*EXERCISE PROMPT*
What lines below include the word "finally"? Copy each one.
==== MATERIAL TO PROCESS ====
(* Assume $\beta<\infty$. The following hold. - (a) $1\le\sqrt{n}\,\beta$. - (b) $n\,\mathbb{E}|L_1|^q\le\beta^{q-2}$ for every $2\le q\le3$. - (c) If $\gamma<\infty$, then $|\kappa_s|\le\sqrt{\gamma_s}\le\sqrt{\gamma}$ for $s=1,\dots,k$. - (d) Let $3/2<\alpha<2$, put $\delta=(2-\alpha)/(\alpha-1)$, and let $s$ be an integer with $1\le s<\min(\delta^{-1},k)$. Then $|\kappa_s|\le\beta^{\delta s}+\gamma_s^{(\alpha)}\le\beta^{\delta s}+\gamma^{(\alpha)}$.
   Context: **Setting.** Let $k\ge1$ and $n\ge1$ be integers. Let $X,X_1,\dots,X_n$ be i.i.d. random variables. Let $l$ be a real Borel function. For $p=1,\dots,k$, let $t_p$ be a real Borel function of $p$ variables that is invariant under permutations of its arguments. Put $L_i=l(X_i)$. For $A=\{j_1,\dots,j_p\}\subset\{1,\dots,n\}$ with $|A|=p$, put $T_A=t_p(X_{j_1},\dots,X_{j_p})$, and write $T_{1\dots p}=T_{\{1,\dots,p\}}$. Define $\mathbb{T}=\sum_{p=1}^k\sum_{|A|=p}T_A$. **Standing assumptions.** - $\mathbb{E}L_1=0$ and $n\,\mathbb{E}L_1^2=1$. - Each $t_p(X_1,\dots,X_p)$ is integrable and degenerate: $\mathbb{E}[t_p(X_1,\dots,X_p)\mid X_2,\dots,X_p]=0$ a.s. For $p=1$ this means $\mathbb{E}t_1(X_1)=0$. **Notation.** - $\beta=n\,\mathbb{E}|L_1|^3$. - $\gamma_s=\binom{n}{s}\mathbb{E}T_{1\dots s}^2$ and $\gamma=\operatorname{var}\mathbb{T}=\sum_{s=1}^k\gamma_s$. - $\gamma_s^{(\alpha)}=\binom{n}{s}\mathbb{E}|T_{1\dots s}|^\alpha$ and $\gamma^{(\alpha)}=\sum_{s=1}^k\gamma_s^{(\alpha)}$. - $\kappa_s=\binom{n}{s}\mathbb{E}[L_1\cdots L_s\,\mathbb{T}]=\binom{n}{s}\mathbb{E}[L_1\cdots L_sT_{1\dots s}]$. *)

theory Defs
  imports "HOL-Probability.Probability"
begin

text \<open>Product law of p i.i.d. copies of a random element with law mu, indexed by {..<p}
  (coordinate j corresponds to X_(j+1)).\<close>
definition prodlaw :: "'b measure \<Rightarrow> nat \<Rightarrow> (nat \<Rightarrow> 'b) measure" where
  "prodlaw \<mu> p = PiM {..<p} (\<lambda>_. \<mu>)"

definition coord_sigma :: "'b measure \<Rightarrow> nat \<Rightarrow> nat set \<Rightarrow> (nat \<Rightarrow> 'b) measure" where
  "coord_sigma \<mu> p J = sigma (space (prodlaw \<mu> p))
     {(\<lambda>x. x j) -` A \<inter> space (prodlaw \<mu> p) | j A. j \<in> J \<and> A \<in> sets \<mu>}"

definition T1s :: "(nat \<Rightarrow> (nat \<Rightarrow> 'b) \<Rightarrow> real) \<Rightarrow> (nat \<Rightarrow> 'a \<Rightarrow> 'b) \<Rightarrow> nat \<Rightarrow> 'a \<Rightarrow> real" where
  "T1s t X s \<omega> = t s (\<lambda>j\<in>{..<s}. X (Suc j) \<omega>)"

definition beta_c :: "'a measure \<Rightarrow> ('b \<Rightarrow> real) \<Rightarrow> (nat \<Rightarrow> 'a \<Rightarrow> 'b) \<Rightarrow> nat \<Rightarrow> real" where
  "beta_c M l X n = real n * (\<integral>\<omega>. \<bar>l (X 1 \<omega>)\<bar> ^ 3 \<partial>M)"

definition gamma_s :: "'a measure \<Rightarrow> (nat \<Rightarrow> (nat \<Rightarrow> 'b) \<Rightarrow> real) \<Rightarrow> (nat \<Rightarrow> 'a \<Rightarrow> 'b) \<Rightarrow> nat \<Rightarrow> nat \<Rightarrow> ennreal" where
  "gamma_s M t X n s = of_nat (n choose s) * (\<integral>\<^sup>+\<omega>. ennreal ((T1s t X s \<omega>)\<^sup>2) \<partial>M)"

definition gamma_c :: "'a measure \<Rightarrow> (nat \<Rightarrow> (nat \<Rightarrow> 'b) \<Rightarrow> real) \<Rightarrow> (nat \<Rightarrow> 'a \<Rightarrow> 'b) \<Rightarrow> nat \<Rightarrow> nat \<Rightarrow> ennreal" where
  "gamma_c M t X n k = (\<Sum>s\<in>{1..k}. gamma_s M t X n s)"

definition gamma_alpha_s :: "real \<Rightarrow> 'a measure \<Rightarrow> (nat \<Rightarrow> (nat \<Rightarrow> 'b) \<Rightarrow> real) \<Rightarrow> (nat \<Rightarrow> 'a \<Rightarrow> 'b) \<Rightarrow> nat \<Rightarrow> nat \<Rightarrow> ennreal" where
  "gamma_alpha_s \<alpha> M t X n s = of_nat (n choose s) * (\<integral>\<^sup>+\<omega>. ennreal (\<bar>T1s t X s \<omega>\<bar> powr \<alpha>) \<partial>M)"

definition gamma_alpha :: "real \<Rightarrow> 'a measure \<Rightarrow> (nat \<Rightarrow> (nat \<Rightarrow> 'b) \<Rightarrow> real) \<Rightarrow> (nat \<Rightarrow> 'a \<Rightarrow> 'b) \<Rightarrow> nat \<Rightarrow> nat \<Rightarrow> ennreal" where
  "gamma_alpha \<alpha> M t X n k = (\<Sum>s\<in>{1..k}. gamma_alpha_s \<alpha> M t X n s)"

definition kappa_s :: "'a measure \<Rightarrow> ('b \<Rightarrow> real) \<Rightarrow> (nat \<Rightarrow> (nat \<Rightarrow> 'b) \<Rightarrow> real) \<Rightarrow> (nat \<Rightarrow> 'a \<Rightarrow> 'b) \<Rightarrow> nat \<Rightarrow> nat \<Rightarrow> real" where
  "kappa_s M l t X n s = real (n choose s) * (\<integral>\<omega>. (\<Prod>j\<in>{1..s}. l (X j \<omega>)) * T1s t X s \<omega> \<partial>M)"

end

theory Submission
  imports Defs
begin

text \<open>
  Only moment inequalities are involved.
  Parts (a) and (b) come from pointwise weighted AM-GM inequalities between \<open>L\<^sup>2\<close> and
  \<open>\<bar>L\<bar>\<^sup>3\<close>, integrated against \<open>n \<bbbE>L\<^sup>2 = 1\<close>. For (c) and (d), independence and
  identical distribution give \<open>\<bbbE> \<Prod>\<^sub>j g(L\<^sub>j) = (\<bbbE> g(L\<^sub>1))\<^sup>s\<close>; combined with
  \<open>binomial n s \<le> n\<^sup>s\<close>, Cauchy-Schwarz yields (c), and Young's inequality with exponents
  \<open>p = \<alpha>/(\<alpha>-1) \<in> [2,3]\<close> and \<open>\<alpha>\<close> together with (b) for \<open>q = p\<close> yields (d), since \<open>p - 2 = \<delta>\<close>.
\<close>

lemma abs_integral_le_nn_integral_abs:
  fixes f :: "'a \<Rightarrow> real"
  shows "ennreal \<bar>integral\<^sup>L M f\<bar> \<le> (\<integral>\<^sup>+x. ennreal \<bar>f x\<bar> \<partial>M)"
proof (cases "integrable M f")
  case True
  then show ?thesis using integral_norm_bound_ennreal[OF True] by simp
qed (simp add: not_integrable_integral_eq)

lemma square_le_cube_Young:
  fixes x c :: real
  assumes "x \<ge> 0" "c > 0"
  shows "x\<^sup>2 \<le> 2/3 * c * x ^ 3 + 1 / (3 * c\<^sup>2)"
proof -
  have "2 * (c * x) ^ 3 + 1 - 3 * (c * x)\<^sup>2 = (c * x - 1)\<^sup>2 * (2 * (c * x) + 1)"
    by (simp add: power2_eq_square power3_eq_cube algebra_simps)
  also have "\<dots> \<ge> 0" using assms by simp
  finally have "3 * c\<^sup>2 * x\<^sup>2 \<le> 2 * c ^ 3 * x ^ 3 + 1" by (simp add: power_mult_distrib)
  then show ?thesis using assms by (simp add: field_simps power2_eq_square power3_eq_cube)
qed

text \<open>Weighted AM-GM for \<open>x\<^sup>q = (x\<^sup>2)\<^bsup>3-q\<^esup> (x\<^sup>3)\<^bsup>q-2\<^esup>\<close>.\<close>
lemma powr_le_interpolation_Young:
  fixes x B K q :: real
  assumes "x > 0" "B > 0" "K > 0" "2 \<le> q" "q \<le> 3"
  shows "x powr q * (K / B powr (q - 2)) \<le> (3 - q) * (K * x\<^sup>2) + (q - 2) * (K / B * x ^ 3)"
proof -
  have "(K * x\<^sup>2) powr (3 - q) * (K / B * x ^ 3) powr (q - 2) \<le> (3 - q) * (K * x\<^sup>2) + (q - 2) * (K / B * x ^ 3)"
    by (rule Youngs_inequality_0) (use assms in auto)
  moreover have "(K * x\<^sup>2) powr (3 - q) * (K / B * x ^ 3) powr (q - 2) = x powr q * (K / B powr (q - 2))"
  proof -
    have "(K * x\<^sup>2) powr (3 - q) * (K / B * x ^ 3) powr (q - 2)
        = K powr (3 - q) * (x powr 2) powr (3 - q) * (K powr (q - 2) / B powr (q - 2)) * (x powr 3) powr (q - 2)"
      using assms by (simp add: powr_mult powr_divide powr_realpow)
    also have "\<dots> = (K powr (3 - q) * K powr (q - 2)) * (x powr (2 * (3 - q)) * x powr (3 * (q - 2))) / B powr (q - 2)"
      by (simp add: powr_powr)
    also have "\<dots> = K * x powr q / B powr (q - 2)"
      using assms by (simp add: powr_add[symmetric] algebra_simps)
    finally show ?thesis by simp
  qed
  ultimately show ?thesis by simp
qed

lemma mult_le_powr_add_powr:
  fixes a b p q :: real
  assumes "p > 1" "q > 1" "1/p + 1/q = 1" "a \<ge> 0" "b \<ge> 0"
  shows "a * b \<le> a powr p + b powr q"
proof -
  have "a * b \<le> a powr p / p + b powr q / q" by (rule Youngs_inequality) (use assms in auto)
  also have "a powr p / p \<le> a powr p"
    using assms mult_left_mono[of 1 p "a powr p"] by (simp add: divide_le_eq)
  also have "b powr q / q \<le> b powr q"
    using assms mult_left_mono[of 1 q "b powr q"] by (simp add: divide_le_eq)
  finally show ?thesis by simp
qed

lemma abs_powr_le_square_plus_cube:
  fixes x q :: real
  assumes "2 \<le> q" "q \<le> 3"
  shows "\<bar>x\<bar> powr q \<le> x\<^sup>2 + \<bar>x\<bar> ^ 3"
proof (cases "\<bar>x\<bar> \<le> 1")
  case True
  have "\<bar>x\<bar> powr q \<le> \<bar>x\<bar> powr 2" by (rule powr_mono') (use assms True in auto)
  also have "\<dots> = x\<^sup>2" by (cases "x = 0") (auto simp: powr_realpow)
  finally show ?thesis by (simp add: add_increasing2)
next
  case False
  have "\<bar>x\<bar> powr q \<le> \<bar>x\<bar> powr 3" by (rule powr_mono) (use assms False in auto)
  also have "\<dots> = \<bar>x\<bar> ^ 3" using False by (simp add: powr_realpow)
  finally show ?thesis by (simp add: add_increasing)
qed

lemma binomial_le_power: "real (n choose s) \<le> real n ^ s"
proof (cases "s \<le> n")
  case True
  then show ?thesis using binomial_le_pow[OF True] by (simp flip: of_nat_power)
qed (simp add: binomial_eq_0)

context prob_space
begin

lemma integrable_abs_powr_between_square_cube:
  fixes Y :: "'a \<Rightarrow> real"
  assumes [measurable]: "Y \<in> borel_measurable M"
    and "integrable M (\<lambda>\<omega>. (Y \<omega>)\<^sup>2)" "integrable M (\<lambda>\<omega>. \<bar>Y \<omega>\<bar> ^ 3)" "2 \<le> q" "q \<le> 3"
  shows "integrable M (\<lambda>\<omega>. \<bar>Y \<omega>\<bar> powr q)"
  by (rule Bochner_Integration.integrable_bound[of _ "\<lambda>\<omega>. (Y \<omega>)\<^sup>2 + \<bar>Y \<omega>\<bar> ^ 3"])
    (use assms abs_powr_le_square_plus_cube in auto)

lemma one_le_sqrt_mult_third_moment:
  fixes Y :: "'a \<Rightarrow> real" and c :: real
  assumes c: "c > 0"
    and Y2: "integrable M (\<lambda>\<omega>. (Y \<omega>)\<^sup>2)" and Y3: "integrable M (\<lambda>\<omega>. \<bar>Y \<omega>\<bar> ^ 3)"
    and norm: "c * (\<integral>\<omega>. (Y \<omega>)\<^sup>2 \<partial>M) = 1"
  shows "1 \<le> sqrt c * (c * (\<integral>\<omega>. \<bar>Y \<omega>\<bar> ^ 3 \<partial>M))"
proof -
  define r where "r = sqrt c"
  have r: "r > 0" "r\<^sup>2 = c" using c by (auto simp: r_def)
  have "(\<integral>\<omega>. (Y \<omega>)\<^sup>2 \<partial>M) \<le> (\<integral>\<omega>. 2/3 * r * \<bar>Y \<omega>\<bar> ^ 3 + 1 / (3 * r\<^sup>2) \<partial>M)"
    using Y2 Y3 r square_le_cube_Young[of "\<bar>Y _\<bar>" r] by (intro integral_mono) auto
  also have "\<dots> = 2/3 * r * (\<integral>\<omega>. \<bar>Y \<omega>\<bar> ^ 3 \<partial>M) + 1 / (3 * c)"
    using Y3 r by (simp add: prob_space)
  finally show ?thesis
    using norm c by (simp add: r_def field_simps)
qed

lemma moment_powr_le_third_moment_powr:
  fixes Y :: "'a \<Rightarrow> real" and c q :: real
  assumes [measurable]: "Y \<in> borel_measurable M" and c: "c > 0"
    and Y2: "integrable M (\<lambda>\<omega>. (Y \<omega>)\<^sup>2)" and Y3: "integrable M (\<lambda>\<omega>. \<bar>Y \<omega>\<bar> ^ 3)"
    and norm: "c * (\<integral>\<omega>. (Y \<omega>)\<^sup>2 \<partial>M) = 1" and q: "2 \<le> q" "q \<le> 3"
  shows "c * (\<integral>\<omega>. \<bar>Y \<omega>\<bar> powr q \<partial>M) \<le> (c * (\<integral>\<omega>. \<bar>Y \<omega>\<bar> ^ 3 \<partial>M)) powr (q - 2)"
proof -
  define B where "B = c * (\<integral>\<omega>. \<bar>Y \<omega>\<bar> ^ 3 \<partial>M)"
  have "1 \<le> sqrt c * B"
    unfolding B_def by (rule one_le_sqrt_mult_third_moment[OF c Y2 Y3 norm])
  then have B: "B > 0"
    using c mult_nonneg_nonpos[of "sqrt c" B] by (cases "B > 0") auto
  have pointwise: "\<bar>Y \<omega>\<bar> powr q * (c / B powr (q - 2))
      \<le> (3 - q) * (c * (Y \<omega>)\<^sup>2) + (q - 2) * (c / B * \<bar>Y \<omega>\<bar> ^ 3)" for \<omega>
    using powr_le_interpolation_Young[of "\<bar>Y \<omega>\<bar>" B c q] B c q by (cases "Y \<omega> = 0") auto
  have "(\<integral>\<omega>. \<bar>Y \<omega>\<bar> powr q * (c / B powr (q - 2)) \<partial>M)
      \<le> (\<integral>\<omega>. (3 - q) * (c * (Y \<omega>)\<^sup>2) + (q - 2) * (c / B * \<bar>Y \<omega>\<bar> ^ 3) \<partial>M)"
    using integrable_abs_powr_between_square_cube[OF _ Y2 Y3 q] Y2 Y3 pointwise
    by (intro integral_mono) auto
  also have "\<dots> = (3 - q) * (c * (\<integral>\<omega>. (Y \<omega>)\<^sup>2 \<partial>M)) + (q - 2) * (c / B * (\<integral>\<omega>. \<bar>Y \<omega>\<bar> ^ 3 \<partial>M))"
    using Y2 Y3 by simp
  also have "\<dots> = 1" using norm B by (auto simp: B_def)
  finally have "(\<integral>\<omega>. \<bar>Y \<omega>\<bar> powr q \<partial>M) * (c / B powr (q - 2)) \<le> 1" by simp
  then show ?thesis using B by (simp add: B_def[symmetric] field_simps)
qed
====
*REPLY*
  finally have "3 * c\<^sup>2 * x\<^sup>2 \<le> 2 * c ^ 3 * x ^ 3 + 1" by (simp add: power_mult_distrib)
    finally show ?thesis by simp
  finally show ?thesis by simp
  finally show ?thesis by (simp add: add_increasing2)
  finally show ?thesis by (simp add: add_increasing)
  finally show ?thesis
  finally have "(\<integral>\<omega>. \<bar>Y \<omega>\<bar> powr q \<partial>M) * (c / B powr (q - 2)) \<le> 1" by simp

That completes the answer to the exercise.